God, I hate cheerleaders, Tara thought as she bit her tongue into silence. “Hey, Danny, don’t you have a cousin or something who’s into witchy things?”
He gave a nod. “Yeah, sorta. She’s got a Ouija board and stuff.”
“You think she’d let you borrow it? Might come in handy.”
He looked doubtful. “I can ask, but that means telling her what we’re up to.”
“Maybe she can help?”
“Come with us, you mean?”
Tara nodded, the wheels in her own head starting to turn. “Sure, if that’s okay with everyone else. Takes one to know one, right? And if she doesn’t want to go or let us borrow her board, you can at least ask her for some tips.”
“I guess,” Danny replied. “When we going to do all this?”
“I’m not doing any of it,” Susan crossed her arms in rebellion. “It’s gross and stupid.”
“Next Friday?” Tara offered.
Danny gave a nod. “Yeah, my folks go bowling on Friday.”
“What about me?” Adam had been listening to their conversation with greater and greater interest. “I can go, too, right?”

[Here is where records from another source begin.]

lemma coprime_sum_moebius:
  fixes w :: "nat \<times> nat \<Rightarrow> real"
  assumes "finite S" and S: "\<And>p q. (p, q) \<in> S \<Longrightarrow> 1 \<le> p \<and> 1 \<le> q \<and> q \<le> M"
  shows "(\<Sum>x \<in> S. if coprime (fst x) (snd x) then w x else 0)
           = (\<Sum>d=1..M. moebius d * (\<Sum>x \<in> {x \<in> S. d dvd fst x \<and> d dvd snd x}. w x))"
proof -
  have "(\<Sum>x \<in> S. if coprime (fst x) (snd x) then w x else 0)
      = (\<Sum>x \<in> S. \<Sum>d \<in> {d \<in> {1..M}. d dvd fst x \<and> d dvd snd x}. moebius d * w x)"
  proof (rule sum.cong[OF refl])
    fix x assume "x \<in> S"
    then obtain p q where "x = (p, q)" "1 \<le> p" "1 \<le> q" "q \<le> M" using S by (cases x) auto
    hence "(\<Sum>d \<in> {d \<in> {1..M}. d dvd fst x \<and> d dvd snd x}. moebius d * w x)
        = of_int (\<Sum>d \<in> {d \<in> {1..M}. d dvd p \<and> d dvd q}. moebius d) * w x"
      by (simp only: of_int_sum sum_distrib_right fst_conv snd_conv)
    thus "(if coprime (fst x) (snd x) then w x else 0)
        = (\<Sum>d \<in> {d \<in> {1..M}. d dvd fst x \<and> d dvd snd x}. moebius d * w x)"
      using \<open>x = (p, q)\<close> moebius_coprime_indicator[OF \<open>1 \<le> p\<close> \<open>1 \<le> q\<close> \<open>q \<le> M\<close>]
      by (simp del: of_int_sum)
  qed
  also have "\<dots> = (\<Sum>d=1..M. \<Sum>x \<in> {x \<in> S. d dvd fst x \<and> d dvd snd x}. moebius d * w x)"
    by (rule sum.swap_restrict) (simp_all add: assms(1))
  finally show ?thesis by (simp add: sum_distrib_left)
qed

text \<open>The total weight of the reduced fractions in farey_pairs M b: Moebius inversion,
  the estimate of multiple_weight and the value 6 / pi^2 of the Moebius series.\<close>
lemma coprime_farey_weight_lower:
  assumes M: "M \<ge> 1" and b: "b \<le> M"
  shows "(\<Sum>x \<in> farey_pairs M b. if coprime (fst x) (snd x) then real M + 1 - real (snd x) else 0)
           \<ge> (real M - real b) * (real M)^2 / pi^2 - 4 * (real M)^2 * harm M"
proof -
  define A where "A = (real M - real b) * (real M)^2"
  define G where "G = (\<Sum>d=1..M. moebius d / (real d)^2)"
  have A: "0 \<le> A" unfolding A_def using b by simp
  have "(\<Sum>d=1..M. moebius d * (A / (6 * (real d)^2))) = A / 6 * G"
    unfolding G_def sum_distrib_left by (rule sum.cong) (simp_all add: field_simps)
  moreover have "(\<Sum>d=1..M. 3 * (real M)^2 / real d) = 3 * (real M)^2 * harm M"
    unfolding harm_def sum_distrib_left by (simp add: divide_inverse)
  ultimately have "A / 6 * G - 3 * (real M)^2 * harm M
      = (\<Sum>d=1..M. moebius d * (A / (6 * (real d)^2)) - 3 * (real M)^2 / real d)"
    by (simp only: sum_subtractf)
  also have "\<dots> \<le> (\<Sum>d=1..M. moebius d * multiple_weight M b d)"
  proof (rule sum_mono)
    fix d assume d: "d \<in> {1..M}"
    have "\<bar>moebius d * (multiple_weight M b d - A / (6 * (real d)^2))\<bar> \<le> 1 * (3 * (real M)^2 / real d)"
      unfolding abs_mult A_def using multiple_weight_estimate[of d M b] abs_moebius_le_1[of d] d b
      by (intro mult_mono) auto
    thus "moebius d * (A / (6 * (real d)^2)) - 3 * (real M)^2 / real d \<le> moebius d * multiple_weight M b d"
      by (simp add: right_diff_distrib abs_le_iff)
  qed
  also have "\<dots> = (\<Sum>x \<in> farey_pairs M b. if coprime (fst x) (snd x) then real M + 1 - real (snd x) else 0)"
    unfolding multiple_weight_def
    by (rule coprime_sum_moebius[symmetric]) (rule finite_farey_pairs, auto simp: farey_pairs_def)
  finally have main: "A / 6 * G - 3 * (real M)^2 * harm M \<le> \<dots>" .
  have "A \<le> real M * (real M)^2" unfolding A_def using b by (intro mult_right_mono) auto
  hence "A \<le> (real M)^3" by (simp add: power2_eq_square power3_eq_cube)
  thus ?thesis
    using main scaled_moebius_series_lower[OF M A] unfolding A_def G_def by linarith
qed
lemma chords_not_crossing:
  "noncrossing_matching M S \<Longrightarrow> {a, b} \<in> M \<Longrightarrow> {c, d} \<in> M \<Longrightarrow>
    a < c \<Longrightarrow> c < b \<Longrightarrow> b < d \<Longrightarrow> False"
  unfolding noncrossing_matching_def crosses_def by fastforce

lemma even_card_chord_inter_open:
  assumes nc: "noncrossing_matching M S" and e: "e \<in> M" and chord: "{p, q} \<in> M" "p < q"
  shows "even (card (e \<inter> {p<..<q}))"
proof (cases "e = {p, q}")
  case False
  obtain a b where ab: "e = {a, b}" "a < b"
    using chord_card[OF nc e] by (auto simp: card_2_iff) (metis insert_commute linorder_neqE_nat)
  have "a \<notin> {p, q}" "b \<notin> {p, q}"
    using chord_unique[OF nc e chord(1)] False ab by auto
  moreover have "\<not> (a < p \<and> p < b \<and> b < q)" "\<not> (p < a \<and> a < q \<and> q < b)"
    using chords_not_crossing[OF nc] e chord(1) ab by blast+
  ultimately have "e \<inter> {p<..<q} = {} \<or> e \<inter> {p<..<q} = e"
    using ab by auto
  then show ?thesis using ab by auto
qed auto

lemma even_card_chord_inter_closed:
  assumes nc: "noncrossing_matching M S" and e: "e \<in> M" and chord: "{p, q} \<in> M" "p < q"
  shows "even (card (e \<inter> {p..q}))"
proof (cases "e = {p, q}")
  case False
  then have "p \<notin> e" "q \<notin> e"
    using chord_unique[OF nc e chord(1)] by auto
  then have "e \<inter> {p..q} = e \<inter> {p<..<q}" by (auto simp: order.order_iff_strict)
  then show ?thesis using even_card_chord_inter_open[OF nc e chord] by simp
qed (use chord(2) in auto)

lemma even_card_chord_diff_closed:
  assumes nc: "noncrossing_matching M S" and e: "e \<in> M" and chord: "{p, q} \<in> M" "p < q"
  shows "even (card (e - {p..q}))"
proof -
  have "finite e" using chord_card[OF nc e] by (simp add: card_ge_0_finite)
  then have "card (e - {p..q}) = card e - card (e \<inter> {p..q})"
    by (metis Diff_Int2 card_Diff_subset_Int Int_lower2 finite_Int inf.commute)
  then show ?thesis
    using chord_card[OF nc e] even_card_chord_inter_closed[OF nc e chord]
    by (metis card_mono \<open>finite e\<close> inf_le1 dvd_diff_nat even_numeral)
qed

lemma same_region_if_even_crossings:
  assumes nc: "noncrossing_matching M S" and "x \<notin> S" "y \<notin> S" "x \<le> y"
    and even: "\<And>e. e \<in> M \<Longrightarrow> even (card (e \<inter> {x<..<y}))"
  shows "same_region M x y"
  unfolding same_region_def
proof
  fix e assume e: "e \<in> M"
  show "\<not> separates e x y"
    using not_separates_if_even_between chord_card[OF nc e] chord_subset[OF nc e] assms(2-4) even[OF e]
    by blast
qed
(* Let $0<\alpha<10^{-5}$ and let $G$ be a graph with $n$ vertices and $m$ edges, where $m\ge\left(\frac14-\alpha\right)n^2$. Then either \[ bk(G)>\left(\frac16-2\alpha^{1/3}\right)n, \] or $G$ contains an induced bipartite subgraph $G_1$ with at least $\left(1-\alpha^{1/3}\right)n$ vertices and minimum degree \[ \delta(G_1)\ge\left(\frac12-4\alpha^{1/3}\right)n. \]
   Context: A book of size $q$ is a set of $q$ triangles sharing a common edge; the booksize $bk(G)$ is the size of the largest book in $G$, i.e. the maximum over edges $uv$ of the number of common neighbours of $u$ and $v$. $\delta(H)$ is the minimum degree of a graph $H$. *)

theory Defs
  imports Complex_Main
begin

definition simple_graph :: "'a set \<Rightarrow> ('a \<Rightarrow> 'a \<Rightarrow> bool) \<Rightarrow> bool" where
  "simple_graph V E \<longleftrightarrow> finite V \<and> (\<forall>u v. E u v \<longrightarrow> u \<in> V \<and> v \<in> V) \<and>
     (\<forall>u v. E u v \<longrightarrow> E v u) \<and> (\<forall>v. \<not> E v v)"

definition edges :: "'a set \<Rightarrow> ('a \<Rightarrow> 'a \<Rightarrow> bool) \<Rightarrow> 'a set set" where
  "edges V E = {{u, v} | u v. u \<in> V \<and> v \<in> V \<and> E u v}"

definition common_nbrs :: "'a set \<Rightarrow> ('a \<Rightarrow> 'a \<Rightarrow> bool) \<Rightarrow> 'a \<Rightarrow> 'a \<Rightarrow> nat" where
  "common_nbrs V E u v = card {w \<in> V. E u w \<and> E v w}"

definition booksize :: "'a set \<Rightarrow> ('a \<Rightarrow> 'a \<Rightarrow> bool) \<Rightarrow> nat" where
  "booksize V E = Max (insert 0 {common_nbrs V E u v | u v. u \<in> V \<and> v \<in> V \<and> E u v})"

definition induced_bipartite :: "'a set \<Rightarrow> ('a \<Rightarrow> 'a \<Rightarrow> bool) \<Rightarrow> bool" where
  "induced_bipartite S E \<longleftrightarrow> (\<exists>A B. A \<union> B = S \<and> A \<inter> B = {} \<and>
     (\<forall>u\<in>A. \<forall>v\<in>A. \<not> E u v) \<and> (\<forall>u\<in>B. \<forall>v\<in>B. \<not> E u v))"

definition deg_in :: "'a set \<Rightarrow> ('a \<Rightarrow> 'a \<Rightarrow> bool) \<Rightarrow> 'a \<Rightarrow> nat" where
  "deg_in S E v = card {u \<in> S. E v u}"

end

theory Submission
  imports Defs
begin

text \<open>If every edge lies in at most \<open>n/6\<close> triangles, double counting triangles against
  the inequalities \<open>d(u) + d(v) \<le> n + c(u,v)\<close> on edges and
  \<open>d(u) + d(v) + d(w) \<le> n + c(u,v) + c(v,w) + c(w,u)\<close> on triangles (\<open>c\<close> the codegree)
  gives \<open>\<Sum> d(u)\<^sup>2 \<le> n m\<close>.  Together with \<open>m \<ge> (1/4 - \<alpha>) n\<^sup>2\<close> this bounds the variance of the
  degrees by \<open>\<alpha> n\<^sup>3\<close>, so by Chebyshev all but \<open>\<beta> n\<close> vertices, \<open>\<beta> = \<alpha> powr (1/3)\<close>, have degree
  at least \<open>(1/2 - 3/2 \<beta>) n\<close>.  Three mutually adjacent such vertices would force a codegree
  above \<open>(1/6 - 2 \<beta>) n\<close>, so they induce a triangle-free graph whose minimum degree exceeds
  \<open>2/5\<close> of its order; as in the Andrasfai-Erdos-Sos theorem such a graph is bipartite.\<close>

section \<open>Few values far below the mean\<close>

lemma sum_sq_dev_mean:
  fixes f :: "'b \<Rightarrow> real"
  assumes "finite A" "A \<noteq> {}"
  shows "(\<Sum>x\<in>A. (f x - (\<Sum>y\<in>A. f y) / card A) ^ 2)
    = (\<Sum>x\<in>A. f x ^ 2) - (\<Sum>x\<in>A. f x) ^ 2 / card A"
proof -
  define \<mu> where "\<mu> = (\<Sum>y\<in>A. f y) / card A"
  have "card A > 0" using assms by (simp add: card_gt_0_iff)
  have "(\<Sum>x\<in>A. 2 * f x * \<mu>) = 2 * \<mu> * (\<Sum>x\<in>A. f x)"
    by (simp add: sum_distrib_left sum_distrib_right mult_ac)
  then have "(\<Sum>x\<in>A. (f x - \<mu>) ^ 2) = (\<Sum>x\<in>A. f x ^ 2) - 2 * \<mu> * (\<Sum>x\<in>A. f x) + card A * \<mu> ^ 2"
    by (simp add: power2_diff sum.distrib sum_subtractf)
  also have "\<dots> = (\<Sum>x\<in>A. f x ^ 2) - (\<Sum>x\<in>A. f x) ^ 2 / card A"
    using \<open>card A > 0\<close> by (simp add: \<mu>_def power2_eq_square field_simps)
  finally show ?thesis by (simp add: \<mu>_def)
qed

lemma card_far_below_le_sum_sq_dev:
  fixes f :: "'b \<Rightarrow> real" and \<mu> t :: real
  assumes "finite A" "0 \<le> t"
  shows "card {x \<in> A. f x \<le> \<mu> - t} * t ^ 2 \<le> (\<Sum>x\<in>A. (f x - \<mu>) ^ 2)"
proof -
  have "card {x \<in> A. f x \<le> \<mu> - t} * t ^ 2 = (\<Sum>x \<in> {x \<in> A. f x \<le> \<mu> - t}. t ^ 2)"
    by simp
  also have "\<dots> \<le> (\<Sum>x \<in> {x \<in> A. f x \<le> \<mu> - t}. (f x - \<mu>) ^ 2)"
    using assms(2) by (intro sum_mono) (simp add: power2_commute[of "f _"] power_mono)
  also have "\<dots> \<le> (\<Sum>x\<in>A. (f x - \<mu>) ^ 2)"
    using assms(1) by (intro sum_mono2) auto
  finally show ?thesis .
qed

Danny obviously didn’t want his little brother tagging along, but what choice was there? They couldn’t leave him alone until his parents got home from the bowling alley. Tara gave a shrug when Danny met her gaze. “I guess,” she said. “As long as you don’t chicken out and ruin everything.”
The youngest boy grinned. “I won’t.”
“You okay with that, Tony?” Danny asked.
Tara felt better. Even if they found nothing and even if what she had seen proved to be something completely normal and natural, and even if they were just patronizing her as an excuse to spend a night out in the woods, she was okay with that. This was going to be the camping trip they talked about for years to come.